■ **Work task**
Repeat the lines of the data exactly, from the first one through the one that contains "Rd T. atom_vars".

■ **Stored dataset items**
--- START ---
(* There is a constant $c>0$ such that for all $n$: if $R_1,\dots,R_\ell$ are ordered balanced set rectangles (each with respect to its own ordered balanced partition of $Z$), pairwise disjoint, with $\bigcup_{i\in[\ell]}R_i=\mathcal{L}_n$, then $\ell\ge 2^{cn}$.
   Context: $X=\{x_1,\dots,x_n\}$, $Y=\{y_1,\dots,y_n\}$, $Z=X\cup Y$, $z_i=x_i$ for $i\in[n]$, $z_i=y_{i-n}$ for $i\in[n+1,2n]$, $Z[i,j]=\{z_\ell: i\le\ell\le j\}$. $\mathcal{L}_n=\{U\subseteq Z : \exists i\in[n],\ x_i\in U \text{ and } y_i\in U\}$ (the set version of the language of words of length $2n$ over $\{a,b\}$ with two $a$'s at distance $n$). A partition $(\Pi_0,\Pi_1)$ of $Z$ is ordered (induced by $[i,j]$) if $\Pi_\ell=Z[i,j]$ for some $\ell\in\{0,1\}$; it is balanced if $2n/3\le|\Pi_0|,|\Pi_1|\le 4n/3$. A $(\Pi_0,\Pi_1)$-rectangle is a family $S\times T=\{U\cup V: U\in S,V\in T\}$ with $S\subseteq\mathcal{P}(\Pi_0)$, $T\subseteq\mathcal{P}(\Pi_1)$; it is ordered balanced if $(\Pi_0,\Pi_1)$ is ordered and balanced. *)

theory Defs
  imports Complex_Main
begin

text \<open>Encoding: z_k is represented by the natural number k, for 1 <= k <= 2n.
  Thus x_i = i and y_i = n + i for i in [n].\<close>

definition Zset :: "nat \<Rightarrow> nat set" where
  "Zset n = {1..2*n}"
lemma wf_theory_P_T_safe:
  assumes "wf_theory T" shows "dl_safe (P_T T)"
  unfolding dl_safe_def
proof
  let ?vars = "\<lambda>b. \<Union>a \<in> set b. atom_vars a"
  have wf_strict: "\<forall>(b, h) \<in> Rs T. atom_vars h \<subseteq> ?vars b"
    using assms unfolding wf_theory_def by (elim conjE)
  have wf_defeasible: "\<forall>(b, h, n) \<in> Rd T. atom_vars h \<subseteq> ?vars b \<and> atom_vars n \<subseteq> ?vars b"
    using assms unfolding wf_theory_def by (elim conjE)
  have strict: "atom_vars (snd r) \<subseteq> ?vars (fst r)" if "r \<in> Rs T" for r
    using bspec[OF wf_strict that] by (simp add: case_prod_beta)
  have defeasible: "atom_vars h \<subseteq> ?vars b \<and> atom_vars n \<subseteq> ?vars b"
    if "(b, h, n) \<in> Rd T" for b h n
    using bspec[OF wf_defeasible that] by simp
  fix r assume "r \<in> dl_rules (P_T T)"
  then consider
      (strict_aux) r0 where "r0 \<in> Rs T" "r = (aux_atom (Inl r0), map lift (fst r0))"
    | (strict_head) r0 where "r0 \<in> Rs T" "r = (lift (snd r0), [aux_atom (Inl r0)])"
    | (defeasible_aux) b h n where "(b, h, n) \<in> Rd T" "r = (aux_atom (Inr (b, h, n)), map lift b)"
    | (defeasible_head) b h n where "(b, h, n) \<in> Rd T" "r = (lift h, [aux_atom (Inr (b, h, n))])"
    | (defeasible_name) b h n where "(b, h, n) \<in> Rd T" "r = (lift n, [aux_atom (Inr (b, h, n))])"
    unfolding P_T_def datalog.simps by (elim UnE CollectE exE conjE; blast)
  then show "dl_rule_vars r \<subseteq> (\<Union>a \<in> set (snd r). atom_vars a)"
    by cases (use strict defeasible in \<open>auto simp: dl_rule_vars_def rid_vars_def
      srule_vars_def drule_vars_def\<close>)
qed

definition dl_derived :: "('p, 'c, 'v) arg_theory \<Rightarrow> ('p, 'c) gatom \<Rightarrow> bool" where
  "dl_derived T a \<longleftrightarrow> (glift a :: (('p, 'c, 'v) dlpred, 'c) gatom) \<in> least_model (P_T T)"

lemma dl_derived_premise: "a \<in> Kn T \<union> Kp T \<Longrightarrow> dl_derived T a"
  using facts_subset_least_model unfolding dl_derived_def P_T_def by fastforce

lemma P_T_srule_fires:
  assumes "wf_theory T" "r \<in> Rs T" "\<forall>a \<in> set (fst r). dl_derived T (inst \<sigma> a)"
  shows "inst \<sigma> (aux_atom (Inl r)) \<in> least_model (P_T T)" "dl_derived T (inst \<sigma> (snd r))"
proof -
  note closed = least_model_closed[OF wf_theory_P_T_safe[OF assms(1)]]
  have "(aux_atom (Inl r), map lift (fst r)) \<in> dl_rules (P_T T)"
    "(lift (snd r), [aux_atom (Inl r)]) \<in> dl_rules (P_T T)"
    using assms(2) unfolding P_T_def datalog.simps by blast+
  with assms(3) show "inst \<sigma> (aux_atom (Inl r)) \<in> least_model (P_T T)"
    and "dl_derived T (inst \<sigma> (snd r))"
    by (auto simp: dl_derived_def inst_lift dest!: closed)
qed

lemma P_T_drule_fires:
  assumes "wf_theory T" "(b, h, n) \<in> Rd T" "\<forall>a \<in> set b. dl_derived T (inst \<sigma> a)"
  shows "inst \<sigma> (aux_atom (Inr (b, h, n))) \<in> least_model (P_T T)"
    "dl_derived T (inst \<sigma> h)" "dl_derived T (inst \<sigma> n)"
proof -
  note closed = least_model_closed[OF wf_theory_P_T_safe[OF assms(1)]]
  have "(aux_atom (Inr (b, h, n)), map lift b) \<in> dl_rules (P_T T)"
    "(lift h, [aux_atom (Inr (b, h, n))]) \<in> dl_rules (P_T T)"
    "(lift n, [aux_atom (Inr (b, h, n))]) \<in> dl_rules (P_T T)"
    using assms(2) unfolding P_T_def datalog.simps by blast+
  with assms(3) show "inst \<sigma> (aux_atom (Inr (b, h, n))) \<in> least_model (P_T T)"
    and "dl_derived T (inst \<sigma> h)" "dl_derived T (inst \<sigma> n)"
    by (auto simp: dl_derived_def inst_lift dest!: closed)
qed

lemma full_grounding_rule_fires:
  assumes "wf_theory T" "r \<in> gR (full_grounding T)" "\<forall>a \<in> set (gbody r). dl_derived T a"
  shows "r \<in> gR (dl_grounding T)" "dl_derived T (ghead r)"
    "\<And>b h n. r = GD b h n \<Longrightarrow> dl_derived T n"
proof -
  from assms(2) consider
      (strict) r0 \<sigma> where "r = inst_s \<sigma> r0" "r0 \<in> Rs T" "ground_subst (HU T) (srule_vars r0) \<sigma>"
    | (defeasible) b0 h0 n0 \<sigma> where "r = inst_d \<sigma> (b0, h0, n0)" "(b0, h0, n0) \<in> Rd T"
        "ground_subst (HU T) (drule_vars (b0, h0, n0)) \<sigma>"
    unfolding full_grounding_simps by auto
  then have "r \<in> gR (dl_grounding T) \<and> dl_derived T (ghead r)
      \<and> (\<forall>b h n. r = GD b h n \<longrightarrow> dl_derived T n)"
  proof cases
    case strict
    with assms(3) have "\<forall>a \<in> set (fst r0). dl_derived T (inst \<sigma> a)" by (simp add: inst_s_def)
    note fires = P_T_srule_fires[OF assms(1) strict(2) this]
    have "r \<in> gR (dl_grounding T)"
      unfolding dl_grounding_simps using strict fires(1) by blast
    with fires(2) strict show ?thesis by (simp add: inst_s_def)
  next
    case defeasible
    with assms(3) have "\<forall>a \<in> set b0. dl_derived T (inst \<sigma> a)" by (simp add: inst_d_def)
    note fires = P_T_drule_fires[OF assms(1) defeasible(2) this]
    have "r \<in> gR (dl_grounding T)"
      unfolding dl_grounding_simps using defeasible fires(1) by blast
    with fires(2,3) defeasible show ?thesis by (fastforce simp: inst_d_def)
  qed
  then show "r \<in> gR (dl_grounding T)" "dl_derived T (ghead r)"
    "\<And>b h n. r = GD b h n \<Longrightarrow> dl_derived T n" by blast+
qed

lemma Args_full_grounding_derived:
  assumes "wf_theory T" "A \<in> Args (full_grounding T)"
  shows "dl_derived T (conc A) \<and> Rules A \<subseteq> gR (dl_grounding T)
    \<and> (\<forall>b h n. GD b h n \<in> Rules A \<longrightarrow> dl_derived T h \<and> dl_derived T n)"
  using assms(2)
proof (induction A rule: Args.induct)
  case (prem k)
  then show ?case by (simp add: dl_derived_premise full_grounding_simps)
next
  case (rule r As)
  have IH: "dl_derived T (conc A) \<and> Rules A \<subseteq> gR (dl_grounding T)
      \<and> (\<forall>b h n. GD b h n \<in> Rules A \<longrightarrow> dl_derived T h \<and> dl_derived T n)"
    if "A \<in> set As" for A
    using rule.IH that by blast
  have "set (gbody r) = conc ` set As" using rule.hyps(2) by (metis list.set_map)
  then have "\<forall>a \<in> set (gbody r). dl_derived T a" using IH by auto
  note fires = full_grounding_rule_fires[OF assms(1) rule.hyps(1) this]
  have "GD b h n \<in> Rules (RuleArg As r) \<Longrightarrow> dl_derived T h \<and> dl_derived T n" for b h n
    using IH fires(2) fires(3)[of b h n] by (cases "r = GD b h n") (auto simp del: split_paired_All)
  with IH fires(1,2) show ?case by auto
qed

lemma Args_dl_grounding:
  assumes "wf_theory T" shows "Args (dl_grounding T) = Args (full_grounding T)"
proof
  have same_premises:
      "gKn (dl_grounding T) \<union> gKp (dl_grounding T) = gKn (full_grounding T) \<union> gKp (full_grounding T)"
    by (simp add: dl_grounding_simps full_grounding_simps)
  have rules: "gR (dl_grounding T) \<subseteq> gR (full_grounding T)"
    unfolding dl_grounding_simps full_grounding_simps by blast
  show "Args (dl_grounding T) \<subseteq> Args (full_grounding T)"
  proof
    fix A assume "A \<in> Args (dl_grounding T)"
    with rules Rules_subset_gR show "A \<in> Args (full_grounding T)"
      by (intro Args_transfer[OF _ same_premises[THEN equalityD1]]) blast+
  qed
  show "Args (full_grounding T) \<subseteq> Args (dl_grounding T)"
  proof
    fix A assume "A \<in> Args (full_grounding T)"
    with Args_full_grounding_derived[OF assms] show "A \<in> Args (dl_grounding T)"
      by (intro Args_transfer[OF _ same_premises[THEN equalityD2]]) blast+
  qed
qed

lemma gC_dl_grounding: "gC (dl_grounding T) = {c \<in> gC (full_grounding T). dl_derived T (fst c)}"
  unfolding dl_grounding_simps full_grounding_simps dl_derived_def inst_lift
  by (force simp: inst_c_def simp del: split_paired_Ex split_paired_All)

lemma wp_full_grounding_derived:
  assumes "wf_theory T" "A \<in> Args (full_grounding T)" "s \<in> wp (full_grounding T) A"
  shows "dl_derived T s"
proof -
  from assms(3) consider "s \<in> Kp T" | b h n where "GD b h n \<in> Rules A" "s = h \<or> s = n"
    unfolding wp_def full_grounding_simps by blast
  then show ?thesis
    using Args_full_grounding_derived[OF assms(1,2)] dl_derived_premise by cases blast+
qed

lemma Att_dl_grounding:
  assumes "wf_theory T" shows "Att (dl_grounding T) = Att (full_grounding T)"
proof -
  have "attacks (dl_grounding T) A A' \<longleftrightarrow> attacks (full_grounding T) A A'"
    if "A' \<in> Args (full_grounding T)" for A A'
    using wp_full_grounding_derived[OF assms that]
    by (intro attacks_restrict_contrariness[OF _ gC_dl_grounding])
      (simp_all add: dl_grounding_simps full_grounding_simps)
  with Args_dl_grounding[OF assms] show ?thesis unfolding Att_def by auto
qed
(* Let $k\ge 2$ and let $s$ be a normalized, fully $k$-ary string of length $n$. Then $d_{\rm g}(s)\le n-2$.
   Context: Strings are finite words over the alphabet $\{0,1,2,\dots\}$. A string is \emph{normalized} if no two adjacent symbols are equal; the \emph{normalization} of a string is obtained by replacing every maximal run of identical symbols by a single copy of that symbol. A string is \emph{fully $k$-ary} if the set of symbols occurring in it is exactly $\{0,1,\dots,k-1\}$. For a normalized string $s=s_1s_2\cdots s_n$ and $1\le i\le n$, the flip (prefix reversal) $f^{(i)}(s)$ is the normalization of $s_i s_{i-1}\cdots s_1 s_{i+1}\cdots s_n$. The \emph{grouping distance} $d_{\rm g}(s)$ of a normalized fully $k$-ary string $s$ is the minimum number of flips needed to transform $s$ into a string of length $k$. *)

theory Defs
  imports Main
begin

definition normalized :: "nat list \<Rightarrow> bool" where
  "normalized s \<longleftrightarrow> (\<forall>i. Suc i < length s \<longrightarrow> s ! i \<noteq> s ! Suc i)"

definition normalize :: "nat list \<Rightarrow> nat list" where
  "normalize s = remdups_adj s"

definition fully_kary :: "nat \<Rightarrow> nat list \<Rightarrow> bool" where
  "fully_kary k s \<longleftrightarrow> set s = {0..<k}"

definition flip :: "nat \<Rightarrow> nat list \<Rightarrow> nat list" where
  "flip i s = normalize (rev (take i s) @ drop i s)"

definition flip_step :: "nat list \<Rightarrow> nat list \<Rightarrow> bool" where
  "flip_step s t \<longleftrightarrow> (\<exists>i. 1 \<le> i \<and> i \<le> length s \<and> t = flip i s)"

definition grouping_distance :: "nat \<Rightarrow> nat list \<Rightarrow> nat" where
  "grouping_distance k s = (LEAST m. \<exists>t. (flip_step ^^ m) s t \<and> length t = k)"

end

theory Submission
  imports Defs
begin

text \<open>Induction on the length of the string. If its first symbol u occurs again, flipping
  the prefix that ends at that second occurrence makes two copies of u adjacent, so
  normalization shortens the string by a flip. Otherwise u occurs only once: flipping the whole
  string moves u to the end, where no flip of the remaining prefix ever disturbs it, so one flip
  reduces the problem to a string with one symbol and one position fewer. In both cases the
  length decreases at least as fast as the number of flips spent.\<close>

lemma normalized_iff_distinct_adj: "normalized s \<longleftrightarrow> distinct_adj s"
  by (simp add: normalized_def distinct_adj_conv_nth)

lemma set_flip [simp]: "set (flip i s) = set s"
  unfolding flip_def normalize_def by simp (metis set_append append_take_drop_id)

lemma distinct_adj_flip: "distinct_adj (flip i s)"
  by (simp add: flip_def normalize_def)

lemma flip_append_fresh:
  assumes "i \<le> length xs" and "u \<notin> set xs"
  shows "flip i (xs @ [u]) = flip i xs @ [u]"
proof -
  define ys where "ys = rev (take i xs) @ drop i xs"
  have "set ys = set xs"
    unfolding ys_def by (metis set_append set_rev append_take_drop_id Un_commute)
  with assms(2) have "ys = [] \<or> last ys \<noteq> u"
    using last_in_set by metis
  then have "remdups_adj (ys @ [u]) = remdups_adj ys @ [u]"
    using remdups_adj_append'[of ys "[u]"] by auto
  then show ?thesis
    using assms(1) by (simp add: flip_def normalize_def ys_def)
qed

lemma relpowp_flip_step_append_fresh:
  "(flip_step ^^ m) xs ys \<Longrightarrow> u \<notin> set xs \<Longrightarrow> (flip_step ^^ m) (xs @ [u]) (ys @ [u])"
proof (induction m arbitrary: xs)
  case 0
  then show ?case by simp
next
  case (Suc m)
  then obtain xs' where step: "flip_step xs xs'" and rest: "(flip_step ^^ m) xs' ys"
    using relpowp_Suc_D2 by metis
  then obtain i where i: "1 \<le> i" "i \<le> length xs" and xs': "xs' = flip i xs"
    unfolding flip_step_def by blast
  have "flip_step (xs @ [u]) (xs' @ [u])"
    unfolding flip_step_def xs' using i flip_append_fresh[OF i(2) Suc.prems(2)] by auto
  moreover have "(flip_step ^^ m) (xs' @ [u]) (ys @ [u])"
    using Suc.IH[OF rest] Suc.prems(2) xs' by simp
  ultimately show ?case
    by (rule relpowp_Suc_I2)
qed

lemma flip_step_shortens_if_hd_recurs:
  assumes "u \<in> set w"
  obtains t where "flip_step (u # w) t" and "length t < length (u # w)"
    and "set t = set (u # w)" and "distinct_adj t"
proof -
  obtain j where j: "j < length w" "w ! j = u"
    using assms by (auto simp: in_set_conv_nth)
  let ?ys = "rev (take (Suc j) (u # w)) @ drop (Suc j) (u # w)"
  have "?ys = rev (take j w) @ [u, u] @ drop (Suc j) w"
    using j by (simp add: Cons_nth_drop_Suc[symmetric])
  then have "\<not> distinct_adj ?ys"
    by (simp add: distinct_adj_append_iff)
  then have "length (remdups_adj ?ys) < length ?ys"
    by (metis order_le_neq_trans remdups_adj_length distinct_adj_conv_length_remdups_adj)
  then have "length (flip (Suc j) (u # w)) < length (u # w)"
    using j by (simp add: flip_def normalize_def)
  moreover have "flip_step (u # w) (flip (Suc j) (u # w))"
    unfolding flip_step_def using j by (intro exI[of _ "Suc j"]) auto
  ultimately show thesis
    using that distinct_adj_flip set_flip by blast
qed

lemma flip_step_moves_hd_last:
  assumes "distinct_adj (u # w)"
  shows "flip_step (u # w) (rev w @ [u])"
proof -
  have "remdups_adj (rev (u # w)) = rev (u # w)"
    using assms by (simp only: remdups_adj_rev distinct_adj_altdef)
  then have "flip (length (u # w)) (u # w) = rev w @ [u]"
    by (simp add: flip_def normalize_def)
  then show ?thesis
    unfolding flip_step_def by (metis le_refl length_Cons le_add1 Suc_eq_plus1_left)
qed

lemma flips_to_distinct:
  assumes "distinct_adj s"
  shows "\<exists>m t. m \<le> length s - 2 \<and> (flip_step ^^ m) s t \<and> length t = card (set s)"
  using assms
proof (induction "length s" arbitrary: s rule: less_induct)
  case less
  show ?case
  proof (cases "length s = card (set s)")
    case True
    then show ?thesis by auto
  next
    case False
    then have repeats: "card (set s) < length s"
      using card_length[of s] by linarith
    then obtain u w where s: "s = u # w"
      by (cases s) auto
    show ?thesis
    proof (cases "u \<in> set w")
      case True
      then obtain t where step: "flip_step s t" and shorter: "length t < length s"
        and set_t: "set t = set s" and "distinct_adj t"
        using flip_step_shortens_if_hd_recurs s by metis
      then obtain m r where m: "m \<le> length t - 2" "(flip_step ^^ m) t r"
        and r: "length r = card (set t)"
        using less.hyps by blast
      have "hd w \<noteq> u" "w \<noteq> []"
        using less.prems True s by (cases w; auto)+
      then have "card {u, hd w} \<le> card (set s)"
        using s by (intro card_mono) auto
      then have "Suc m \<le> length s - 2"
        using m(1) shorter repeats \<open>hd w \<noteq> u\<close> by simp
      moreover have "(flip_step ^^ Suc m) s r"
        using step m(2) by (rule relpowp_Suc_I2)
      ultimately show ?thesis
        using r set_t by metis
    next
      case False
      have "distinct_adj (rev w)"
        using less.prems s by (simp add: distinct_adj_ConsD)
      then obtain m r where m: "m \<le> length w - 2" "(flip_step ^^ m) (rev w) r"
        and r: "length r = card (set w)"
        using less.hyps[of "rev w"] s by auto
      have "(flip_step ^^ m) (rev w @ [u]) (r @ [u])"
        using relpowp_flip_step_append_fresh[OF m(2)] False by simp
      then have "(flip_step ^^ Suc m) s (r @ [u])"
        using flip_step_moves_hd_last less.prems s by (metis relpowp_Suc_I2)
      moreover have "2 \<le> length w"
        using repeats s False by (cases w rule: remdups_adj.cases) auto
      ultimately show ?thesis
        using m(1) r s False by (intro exI[of _ "Suc m"] exI[of _ "r @ [u]"]) auto
    qed
  qed
qed

theorem lemma3p2:
  fixes k :: nat and s :: "nat list"
  assumes "k \<ge> 2" and "normalized s" and "fully_kary k s"
  shows "grouping_distance k s \<le> length s - 2"
proof -
  obtain m t where m: "m \<le> length s - 2" and "(flip_step ^^ m) s t"
    and "length t = card (set s)"
    using flips_to_distinct assms(2) normalized_iff_distinct_adj by blast
  moreover have "card (set s) = k"
    using assms(3) by (simp add: fully_kary_def)
  ultimately have "grouping_distance k s \<le> m"
    unfolding grouping_distance_def by (intro Least_le) auto
  with m show ?thesis
    by linarith
qed

end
--- END ---
■ **Response area**
(* There is a constant $c>0$ such that for all $n$: if $R_1,\dots,R_\ell$ are ordered balanced set rectangles (each with respect to its own ordered balanced partition of $Z$), pairwise disjoint, with $\bigcup_{i\in[\ell]}R_i=\mathcal{L}_n$, then $\ell\ge 2^{cn}$.
   Context: $X=\{x_1,\dots,x_n\}$, $Y=\{y_1,\dots,y_n\}$, $Z=X\cup Y$, $z_i=x_i$ for $i\in[n]$, $z_i=y_{i-n}$ for $i\in[n+1,2n]$, $Z[i,j]=\{z_\ell: i\le\ell\le j\}$. $\mathcal{L}_n=\{U\subseteq Z : \exists i\in[n],\ x_i\in U \text{ and } y_i\in U\}$ (the set version of the language of words of length $2n$ over $\{a,b\}$ with two $a$'s at distance $n$). A partition $(\Pi_0,\Pi_1)$ of $Z$ is ordered (induced by $[i,j]$) if $\Pi_\ell=Z[i,j]$ for some $\ell\in\{0,1\}$; it is balanced if $2n/3\le|\Pi_0|,|\Pi_1|\le 4n/3$. A $(\Pi_0,\Pi_1)$-rectangle is a family $S\times T=\{U\cup V: U\in S,V\in T\}$ with $S\subseteq\mathcal{P}(\Pi_0)$, $T\subseteq\mathcal{P}(\Pi_1)$; it is ordered balanced if $(\Pi_0,\Pi_1)$ is ordered and balanced. *)

theory Defs
  imports Complex_Main
begin

text \<open>Encoding: z_k is represented by the natural number k, for 1 <= k <= 2n.
  Thus x_i = i and y_i = n + i for i in [n].\<close>

definition Zset :: "nat \<Rightarrow> nat set" where
  "Zset n = {1..2*n}"
lemma wf_theory_P_T_safe:
  assumes "wf_theory T" shows "dl_safe (P_T T)"
  unfolding dl_safe_def
proof
  let ?vars = "\<lambda>b. \<Union>a \<in> set b. atom_vars a"
  have wf_strict: "\<forall>(b, h) \<in> Rs T. atom_vars h \<subseteq> ?vars b"
    using assms unfolding wf_theory_def by (elim conjE)
  have wf_defeasible: "\<forall>(b, h, n) \<in> Rd T. atom_vars h \<subseteq> ?vars b \<and> atom_vars n \<subseteq> ?vars b"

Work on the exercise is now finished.